For any point to be minima it should satisfy the following conditions: \(f(x^*) \leq f(x) \quad \quad \forall x \in R^d\)

Let f(.) be a continuous and twice differentiable function

First order nescessary condition

\[\nabla f(x^*) = 0\]

Second order nescessary condition

\[\nabla f(x^*) = 0\] \[\nabla ^2 f(x^*) \succcurlyeq 0\]

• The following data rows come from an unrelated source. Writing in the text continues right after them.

(* Let $G=(\mathcal{V},\mathcal{E})$ be a finite graph with $C\ge 2$ classes, in which every node $i$ has a true label $y_i\in\{1,\dots,C\}$ and degree $deg(i)\ge 1$; write $\mathcal{N}(i)$ for the set of neighbours of $i$. Each node $j$ carries a label vector $\hat{\mathbf{y}}_j\in[0,1]^C$ (the ground-truth one-hot label if $j$ is labeled, otherwise a model-predicted pseudo-label), and assume: (4) $\mathbb{E}[\hat{\mathbf{y}}_j\mid y_j]=(1-\epsilon)\mathbf{e}_{y_j}+\frac{\epsilon}{C-1}\sum_{k\ne y_j}\mathbf{e}_k$ for some $\epsilon\in(0,1)$, the vectors $\hat{\mathbf{y}}_j$ of distinct nodes being independent given the labels; (5) given $y_i$, the labels $\{y_j: j\in\mathcal{N}(i)\}$ of the neighbours of $i$ are conditionally independent, each equal to $y_i$ with probability $p$ and equal to any given class $c\ne y_i$ with probability $(1-p)/(C-1)$. Define the mixed label of node $i$ after one Mixup operation by $\bar{\mathbf{y}}_i=\sum_{j\in\mathcal{N}(i)}\frac{1}{deg(i)}\hat{\mathbf{y}}_j$. Then for any class $c$ and any node $i\in\mathcal{V}$ with $y_i=c$ (expectations and probabilities conditional on $y_i$), $$\mathbb{E}[\bar{\mathbf{y}}_i]=\Big[p(1-\epsilon)+\frac{\epsilon(1-p)}{C-1}\Big]\mathbf{e}_c+\Big[\frac{p\epsilon+(1-p)(1-\epsilon)}{C-1}+\frac{\epsilon(1-p)(C-2)}{(C-1)^2}\Big]\sum_{j\ne c}\mathbf{e}_j,$$ and for every $t>0$, $$\mathbb{P}\big(\|\bar{\mathbf{y}}_i-\mathbb{E}[\bar{\mathbf{y}}_i]\|_2\ge t\big)\le 2C\exp\!\Big(-\frac{deg(i)\,t^2}{2C}\Big).$$
   Context: $\mathbf{e}_c$ denotes the $c$-th standard basis vector of $\mathbb{R}^C$. The Mixup operation replaces a node's label vector by the average of its neighbours' label vectors. *)

theory Defs
  imports "HOL-Probability.Probability"
begin

definition nbrs :: "'v set \<Rightarrow> ('v \<Rightarrow> 'v \<Rightarrow> bool) \<Rightarrow> 'v \<Rightarrow> 'v set" where
  "nbrs V E i = {j \<in> V. E i j}"

definition deg :: "'v set \<Rightarrow> ('v \<Rightarrow> 'v \<Rightarrow> bool) \<Rightarrow> 'v \<Rightarrow> nat" where
  "deg V E i = card (nbrs V E i)"

definition basis_e :: "'c::finite \<Rightarrow> real ^ 'c" where
  "basis_e c = axis c 1"

definition cond_exp_given :: "'a measure \<Rightarrow> ('a \<Rightarrow> real ^ 'c::finite) \<Rightarrow> ('a \<Rightarrow> 'b) \<Rightarrow> 'b \<Rightarrow> real ^ 'c" where
  "cond_exp_given M X Y k =
     (1 / measure M {\<omega> \<in> space M. Y \<omega> = k}) *\<^sub>R
     (\<integral>\<omega>. indicator {\<omega> \<in> space M. Y \<omega> = k} \<omega> *\<^sub>R X \<omega> \<partial>M)"

definition mixup :: "'v set \<Rightarrow> ('v \<Rightarrow> 'v \<Rightarrow> bool) \<Rightarrow> ('v \<Rightarrow> 'a \<Rightarrow> real ^ 'c::finite) \<Rightarrow> 'v \<Rightarrow> 'a \<Rightarrow> real ^ 'c" where
  "mixup V E Yhat i \<omega> = (\<Sum>j\<in>nbrs V E i. (1 / real (deg V E i)) *\<^sub>R Yhat j \<omega>)"

end

theory Submission
  imports Defs
begin

text \<open>
  Conditioning on the class of a neighbour j (law of total expectation), the mean of its label
  vector is the mixture of the noisy-label means (4) weighted by the class distribution (5);
  this mixture is the claimed vector, and averaging over the neighbours preserves it.
  Each coordinate of the mixed label is the mean of deg(i) independent [0,1]-valued variables,
  so by Hoeffding's inequality it deviates from its expectation by at least t/sqrt C with
  probability at most 2 exp(-2 deg(i) t^2/C). A deviation of norm at least t forces such a
  coordinate deviation, and the union bound over the C coordinates gives
  2C exp(-2 deg(i) t^2/C), which is stronger than the claim.
\<close>

lemma (in prob_space) prob_scaleR_cond_exp_given:
  fixes X :: "'a \<Rightarrow> real ^ 'c"
  assumes "Y \<in> M \<rightarrow>\<^sub>M count_space UNIV"
  shows "prob {\<omega> \<in> space M. Y \<omega> = k} *\<^sub>R cond_exp_given M X Y k
           = (\<integral>\<omega>. indicator {\<omega> \<in> space M. Y \<omega> = k} \<omega> *\<^sub>R X \<omega> \<partial>M)"
proof (cases "prob {\<omega> \<in> space M. Y \<omega> = k} = 0")
  case True
  have "{\<omega> \<in> space M. Y \<omega> = k} \<in> null_sets M"
    using True assms by (simp add: emeasure_eq_measure null_sets_def)
  then have "AE \<omega> in M. \<omega> \<notin> {\<omega> \<in> space M. Y \<omega> = k}"
    by (rule AE_not_in)
  then have "(\<integral>\<omega>. indicator {\<omega> \<in> space M. Y \<omega> = k} \<omega> *\<^sub>R X \<omega> \<partial>M) = 0"
    by (intro integral_eq_zero_AE) (auto elim: eventually_mono)
  with True show ?thesis
    by simp
qed (simp add: cond_exp_given_def)

lemma (in prob_space) expectation_eq_sum_cond_exp_given:
  fixes X :: "'a \<Rightarrow> real ^ 'c" and Y :: "'a \<Rightarrow> 'b::finite"
  assumes "Y \<in> M \<rightarrow>\<^sub>M count_space UNIV" and "integrable M X"
  shows "expectation X = (\<Sum>k\<in>UNIV. prob {\<omega> \<in> space M. Y \<omega> = k} *\<^sub>R cond_exp_given M X Y k)"
proof -
  have "(\<Sum>k\<in>UNIV. indicator {\<omega> \<in> space M. Y \<omega> = k} \<omega> :: real) = 1" if "\<omega> \<in> space M" for \<omega>
    using that by (simp add: indicator_def)
  then have "expectation X = expectation (\<lambda>\<omega>. \<Sum>k\<in>UNIV. indicator {\<omega> \<in> space M. Y \<omega> = k} \<omega> *\<^sub>R X \<omega>)"
    by (intro Bochner_Integration.integral_cong) (simp_all add: scaleR_sum_left[symmetric])
  also have "\<dots> = (\<Sum>k\<in>UNIV. \<integral>\<omega>. indicator {\<omega> \<in> space M. Y \<omega> = k} \<omega> *\<^sub>R X \<omega> \<partial>M)"
    using assms by (intro Bochner_Integration.integral_sum integrable_mult_indicator) measurable
  finally show ?thesis
    using assms(1) by (simp add: prob_scaleR_cond_exp_given)
qed

definition noisy_label_mean :: "real \<Rightarrow> 'c::finite \<Rightarrow> real ^ 'c" where
  "noisy_label_mean \<epsilon> k = (1 - \<epsilon>) *\<^sub>R basis_e k + (\<epsilon> / (CARD('c) - 1)) *\<^sub>R (\<Sum>l\<in>UNIV - {k}. basis_e l)"

definition mixed_label_mean :: "real \<Rightarrow> real \<Rightarrow> 'c::finite \<Rightarrow> real ^ 'c" where
  "mixed_label_mean p \<epsilon> c =
     (p * (1 - \<epsilon>) + \<epsilon> * (1 - p) / (CARD('c) - 1)) *\<^sub>R basis_e c
     + ((p * \<epsilon> + (1 - p) * (1 - \<epsilon>)) / (CARD('c) - 1)
        + \<epsilon> * (1 - p) * (CARD('c) - 2) / (CARD('c) - 1)^2) *\<^sub>R (\<Sum>j\<in>UNIV - {c}. basis_e j)"

lemma noisy_label_mean_nth:
  "noisy_label_mean \<epsilon> (k::'c::finite) $ l = (if l = k then 1 - \<epsilon> else \<epsilon> / (CARD('c) - 1))"
  by (auto simp: noisy_label_mean_def basis_e_def axis_def)

lemma mixed_label_mean_nth:
  "mixed_label_mean p \<epsilon> (c::'c::finite) $ l =
           (if l = c then p * (1 - \<epsilon>) + \<epsilon> * (1 - p) / (CARD('c) - 1)
            else ((p * \<epsilon> + (1 - p) * (1 - \<epsilon>)) / (CARD('c) - 1)
                  + \<epsilon> * (1 - p) * (CARD('c) - 2) / (CARD('c) - 1)^2))"
  by (auto simp: mixed_label_mean_def basis_e_def axis_def)

lemma sum_scaleR_noisy_label_mean_nth:
  fixes m :: "'c::finite \<Rightarrow> real"
  assumes "sum m UNIV = 1"
  shows "(\<Sum>k\<in>UNIV. m k *\<^sub>R noisy_label_mean \<epsilon> k) $ l
           = m l * (1 - \<epsilon>) + (1 - m l) * (\<epsilon> / (CARD('c) - 1))"
proof -
  have "(\<Sum>k\<in>UNIV. m k *\<^sub>R noisy_label_mean \<epsilon> k) $ l
          = m l * (1 - \<epsilon>) + (\<Sum>k\<in>UNIV - {l}. m k) * (\<epsilon> / (CARD('c) - 1))"
    by (simp add: noisy_label_mean_nth sum.remove[of UNIV l] sum_distrib_right sum_divide_distrib)
  also have "(\<Sum>k\<in>UNIV - {l}. m k) = 1 - m l"
    using assms by (simp add: sum_diff1)
  finally show ?thesis .
qed

lemma sum_label_prior_scaleR_noisy_label_mean:
  fixes m :: "'c::finite \<Rightarrow> real"
  assumes C2: "CARD('c) \<ge> 2" and mc: "m c = p" and mk: "\<And>k. k \<noteq> c \<Longrightarrow> m k = (1 - p) / (CARD('c) - 1)"
  shows "(\<Sum>k\<in>UNIV. m k *\<^sub>R noisy_label_mean \<epsilon> k) = mixed_label_mean p \<epsilon> c"
proof -
  define d where "d = real CARD('c) - 1"
  have d: "real (CARD('c) - 1) = d" "real (CARD('c) - 2) = d - 1" "real ((CARD('c) - 1)\<^sup>2) = d\<^sup>2" "d \<noteq> 0"
    using C2 by (simp_all add: d_def)
  have "sum m UNIV = m c + (\<Sum>k\<in>UNIV - {c}. m k)"
    by (simp add: sum.remove)
  also have "(\<Sum>k\<in>UNIV - {c}. m k) = 1 - p"
    using mk d by (simp add: card_Diff_singleton)
  finally have "sum m UNIV = 1"
    using mc by simp
  show ?thesis
    unfolding vec_eq_iff
  proof
    fix l
    have "(\<Sum>k\<in>UNIV. m k *\<^sub>R noisy_label_mean \<epsilon> k) $ l = m l * (1 - \<epsilon>) + (1 - m l) * (\<epsilon> / d)"
      using sum_scaleR_noisy_label_mean_nth[OF \<open>sum m UNIV = 1\<close>] d by simp
    also have "\<dots> = mixed_label_mean p \<epsilon> c $ l"
    proof (cases "l = c")
      case True
      then show ?thesis
        using mc d by (simp add: mixed_label_mean_nth field_simps)
    next
      case False
      have ml: "m l = (1 - p) / d"
        using mk[OF False] d by simp
      show ?thesis
        unfolding ml mixed_label_mean_nth d(1-3)
        using False d(4) by (simp add: field_simps power2_eq_square)
    qed
    finally show "(\<Sum>k\<in>UNIV. m k *\<^sub>R noisy_label_mean \<epsilon> k) $ l = mixed_label_mean p \<epsilon> c $ l" .
  qed
qed

lemma (in prob_space) expectation_noisy_label:
  fixes Y :: "'a \<Rightarrow> 'c::finite" and X :: "'a \<Rightarrow> real ^ 'c"
  assumes C2: "CARD('c) \<ge> 2" and Y: "Y \<in> M \<rightarrow>\<^sub>M count_space UNIV" and X: "integrable M X"
    and prior_same: "prob {\<omega> \<in> space M. Y \<omega> = c} = p"
    and prior_other: "\<And>k. k \<noteq> c \<Longrightarrow> prob {\<omega> \<in> space M. Y \<omega> = k} = (1 - p) / (CARD('c) - 1)"
    and noise: "\<And>k. prob {\<omega> \<in> space M. Y \<omega> = k} > 0 \<Longrightarrow> cond_exp_given M X Y k = noisy_label_mean \<epsilon> k"
  shows "expectation X = mixed_label_mean p \<epsilon> c"
proof -
  have "prob {\<omega> \<in> space M. Y \<omega> = k} *\<^sub>R cond_exp_given M X Y k
          = prob {\<omega> \<in> space M. Y \<omega> = k} *\<^sub>R noisy_label_mean \<epsilon> k" for k
    using noise[of k] measure_nonneg[of M "{\<omega> \<in> space M. Y \<omega> = k}"]
    by (cases "prob {\<omega> \<in> space M. Y \<omega> = k} = 0") auto
  then have "expectation X = (\<Sum>k\<in>UNIV. prob {\<omega> \<in> space M. Y \<omega> = k} *\<^sub>R noisy_label_mean \<epsilon> k)"
    unfolding expectation_eq_sum_cond_exp_given[OF Y X] by (simp only:)
  also have "\<dots> = mixed_label_mean p \<epsilon> c"
    using C2 prior_same prior_other by (rule sum_label_prior_scaleR_noisy_label_mean)
  finally show ?thesis .
qed
lemma gauss_kernel_cell_sum_error:
  fixes a x :: "real^'m::finite" and Y H :: "(real^'m) set" and Cl :: "real^'m \<Rightarrow> (real^'m) set"
    and v j :: "real^'m \<Rightarrow> real"
  assumes bp: "beta_partition H beta Y Cl" and cm: "\<forall>y\<in>Y. Cl y \<in> sets borel"
    and vm: "v \<in> borel_measurable borel" and v01: "\<And>z. 0 \<le> v z \<and> v z \<le> 1"
    and vl: "\<And>u w. \<bar>v u - v w\<bar> \<le> L * norm (u - w)"
    and E: "\<forall>y\<in>Y. \<bar>v y - j y\<bar> \<le> E"
    and nn: "0 \<le> L" "0 \<le> beta" "0 \<le> E" and r: "0 < r"
    and out: "\<And>s. x + s *\<^sub>R a \<notin> H \<Longrightarrow> r < \<bar>s\<bar>"
  shows "\<bar>gauss_kernel a v x - (\<Sum>y\<in>Y. j y * gauss_kernel a (indicator (Cl y)) x)\<bar>
         \<le> L * beta + E + 2 * std_normal_density r / r"
proof -
  let ?D = "\<lambda>w. \<Sum>y\<in>Y. j y * indicator (Cl y) w :: real"
  have fY: "finite Y" using bp by (simp add: beta_partition_def)
  have im: "(\<lambda>w. j y * indicator (Cl y) w :: real) \<in> borel_measurable borel" if "y \<in> Y" for y
    using cm that by simp
  have Dm: "?D \<in> borel_measurable borel"
    using im by (rule borel_measurable_sum)
  have Db: "\<bar>?D w\<bar> \<le> (\<Sum>y\<in>Y. \<bar>j y\<bar>)" for w
    by (rule order_trans[OF sum_abs]) (intro sum_mono, simp add: indicator_def)
  have vb: "\<bar>v z\<bar> \<le> 1" for z using v01[of z] by (auto simp: abs_le_iff)
  have "gauss_kernel a ?D x = (\<Sum>y\<in>Y. gauss_kernel a (\<lambda>w. j y * indicator (Cl y) w) x)"
    by (rule gauss_kernel_sum[OF fY im, where C="\<lambda>y. \<bar>j y\<bar>"]) (auto simp: indicator_def)
  then have "(\<Sum>y\<in>Y. j y * gauss_kernel a (indicator (Cl y)) x) = gauss_kernel a ?D x"
    by (simp add: gauss_kernel_cmult)
  then have "gauss_kernel a v x - (\<Sum>y\<in>Y. j y * gauss_kernel a (indicator (Cl y)) x)
      = gauss_kernel a (\<lambda>w. v w - ?D w) x"
    using gauss_kernel_diff[OF vm Dm vb Db] by simp
  also have "\<bar>\<dots>\<bar> \<le> L * beta + E + 2 * std_normal_density r / r"
  proof (rule abs_gauss_kernel_le_tail[OF _ _ r])
    show "(\<lambda>w. v w - ?D w) \<in> borel_measurable borel" using vm Dm by (rule borel_measurable_diff)
    show "\<bar>v w - ?D w\<bar> \<le> 1 + (\<Sum>y\<in>Y. \<bar>j y\<bar>)" for w
      using abs_triangle_ineq4[of "v w" "?D w"] vb[of w] Db[of w] by linarith
    fix s
    show "\<bar>v (x + s *\<^sub>R a) - ?D (x + s *\<^sub>R a)\<bar> \<le> L * beta + E + indicator {s. r < \<bar>s\<bar>} s"
    proof (cases "x + s *\<^sub>R a \<in> H")
      case True
      have "0 \<le> (indicator {s. r < \<bar>s\<bar>} s :: real)" by simp
      with cell_sum_inside[OF bp True vl nn(1) E] show ?thesis by linarith
    next
      case False
      then show ?thesis
        using cell_sum_outside[OF bp False] out[OF False] vb[of "x + s *\<^sub>R a"] nn(3)
          mult_nonneg_nonneg[OF nn(1,2)] by simp
    qed
  qed
  finally show ?thesis .
qed
section \<open>Freshness of annotations\<close>

lemma annot_wf:
  assumes "derives f A B" "annot f = (P, L, R)"
  shows "length L = rank A \<and> length R = rank B \<and> distinct (L @ R)"
  using assms
proof (induction arbitrary: P L R rule: derives.induct)
  case (rhd f A B C)
  then show ?case
    by (cases "annot f") (clarsimp simp del: distinct_append,
        erule distinct_rearrange; auto intro: in_set_take_or_drop dest: in_set_takeD in_set_dropD)
next
  case (lhd f A B C)
  then show ?case
    by (cases "annot f") (clarsimp simp del: distinct_append,
        erule distinct_rearrange; auto intro: in_set_take_or_drop dest: in_set_takeD in_set_dropD)
next
  case (rhd_inv g A C B)
  then show ?case
    by (cases "annot g") (clarsimp simp del: distinct_append,
        erule distinct_rearrange; auto intro: in_set_take_or_drop dest: in_set_takeD in_set_dropD)
next
  case (lhd_inv h B A C)
  then show ?case
    by (cases "annot h") (clarsimp simp del: distinct_append,
        erule distinct_rearrange; auto intro: in_set_take_or_drop dest: in_set_takeD in_set_dropD)
next
  case (sigma_l f B A C D)
  then show ?case
    by (cases "annot f") (clarsimp simp del: distinct_append, erule distinct_rearrange;
        auto intro: in_set_take_or_drop dest: in_set_takeD in_set_dropD simp del: drop_drop
          simp flip: drop_drop[of "rank A" "rank B", unfolded add.commute[of "rank A"]])
next
  case (sigma_r f A C B D)
  then show ?case
    by (cases "annot f") (clarsimp simp del: distinct_append, erule distinct_rearrange;
        auto intro: in_set_take_or_drop dest: in_set_takeD in_set_dropD simp del: drop_drop
          simp flip: drop_drop[of "rank C" "rank A", unfolded add.commute[of "rank C"]])
qed (fastforce simp: Let_def ren_def distinct_map inj_on_def split: prod.splits)+

section \<open>Delta maps as functions of a valuation\<close>

definition valuation :: "var list \<Rightarrow> nat list \<Rightarrow> var \<Rightarrow> nat" where
  "valuation xs ns = the \<circ> map_of (zip xs ns)"

definition delta_value :: "(var \<times> var) list \<Rightarrow> (var \<Rightarrow> nat) \<Rightarrow> real" where
  "delta_value P v = (\<Prod>(p, q)\<leftarrow>P. if v p = v q then 1 else 0)"
text \<open>The discordant pairs of \<open>\<rho>0\<close> form a proper subset of those of any other ranking
  of the top-k set, so \<open>\<rho>0\<close> is the unique minimiser.\<close>
lemma proj_topk_eqI:
  assumes \<rho>0: "\<rho>0 \<in> topk n as" and \<tau>: "\<tau> permutes {1..n}"
    and agrees: "agrees_on ({1..n} - set as) \<rho>0 \<tau>"
  shows "proj n (topk n as) \<tau> = \<rho>0"
  unfolding proj_def
proof (rule the_equality)
  show "\<rho>0 \<in> topk n as \<and> (\<forall>\<rho>\<in>topk n as. kendall n \<rho>0 \<tau> \<le> kendall n \<rho> \<tau>)"
    using \<rho>0 discordant_pairs_subset[OF \<rho>0 _ \<tau> agrees]
    by (simp add: kendall_eq_card_discordant_pairs card_mono finite_discordant_pairs)
next
  fix \<rho> assume \<rho>: "\<rho> \<in> topk n as \<and> (\<forall>\<rho>'\<in>topk n as. kendall n \<rho> \<tau> \<le> kendall n \<rho>' \<tau>)"
  show "\<rho> = \<rho>0"
  proof (rule ccontr)
    assume "\<rho> \<noteq> \<rho>0"
    then have "discordant_pairs n \<rho>0 \<tau> \<subset> discordant_pairs n \<rho> \<tau>"
      using discordant_pairs_subset[OF \<rho>0 _ \<tau> agrees] discordant_pairs_neq[OF \<rho>0 _ \<tau> agrees] \<rho>
      by blast
    then have "kendall n \<rho>0 \<tau> < kendall n \<rho> \<tau>"
      by (simp add: kendall_eq_card_discordant_pairs psubset_card_mono finite_discordant_pairs)
    then show False
      using \<rho> \<rho>0 by fastforce
  qed
qed

lemma proj_topk:
  assumes "distinct as" "set as \<subseteq> {1..n}" and \<tau>: "\<tau> permutes {1..n}"
  defines "\<rho> \<equiv> perm_of_list (as @ filter (\<lambda>x. x \<notin> set as) (listing n \<tau>))"
  shows "proj n (topk n as) \<tau> = \<rho>" and "\<rho> \<in> topk n as"
    and "agrees_on ({1..n} - set as) \<rho> \<tau>"
proof -
  have xs: "distinct (as @ filter (\<lambda>x. x \<notin> set as) (listing n \<tau>))"
    "set (as @ filter (\<lambda>x. x \<notin> set as) (listing n \<tau>)) = {1..n}"
    using assms(1,2) distinct_listing[OF \<tau>] set_listing[OF \<tau>] by auto
  show \<rho>: "\<rho> \<in> topk n as"
    unfolding \<rho>_def using xs by (rule perm_of_list_in_topk)
  show agrees: "agrees_on ({1..n} - set as) \<rho> \<tau>"
    unfolding \<rho>_def using xs sorted_wrt_filter[OF sorted_wrt_precedes_listing[OF \<tau>]]
    by (rule perm_of_list_agrees_on)
  show "proj n (topk n as) \<tau> = \<rho>"
    using proj_topk_eqI[OF \<rho> \<tau> agrees] .
qed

Second order sufficiency condition

\[\nabla f(x^*) = 0\] \[\nabla ^2 f(x^*) \succ 0\]

Gradient Descent;

Gradient descent is the backbone for all the advancements in the field of learning algorithms (machine learning, deep learning or deep reinforcement learning). In this blog, we shall see the various modifications on gradient descent for faster and better convergence. Let us consider the case of linear regression where we estimate the coefficients of the equation: \(y = \theta_0 + \theta_1 x_1 + ... + \theta_n x_n\). Assuming the function to be the linear combination of all features. The optimal set of coefficients is determined by minimizing \(||y - \theta^T X||^2\) loss function, which turns out to be the maximum likelihood estimate for the task of linear regression. Minimizing OLS (Ordinary least Square) involves finding the inverse of feature matrix \(\theta^* = [XX^T]^{-1}XY\)

For a practical problem, the dimensionality of the data is huge which would easily blow up the computational power. For example, let us consider the problem of image feature analysis: generally images are of size 1024x1024 which means the number of features is of the order \(10^6\). Due to a large number of features, such optimization problems are solved in an iterative way, and this leads us to the very popularly known algorithm called gradient descent and Newton-raphson method.

Gradient_wiki_image

Gradient Descent Algorithm:

\[X \leftarrow X - \eta \nabla f(X)\] \[X_{t+1} = X_{t} - \eta \nabla f(X_t)\]

Gradient descent algorithm updates an iterate in the direction of the negative gradient (hence, the steepest descent direction) with a previously specified learning rate \(\eta\). The learning rate is used to prevent the overshoot of the local minima at any given iteration.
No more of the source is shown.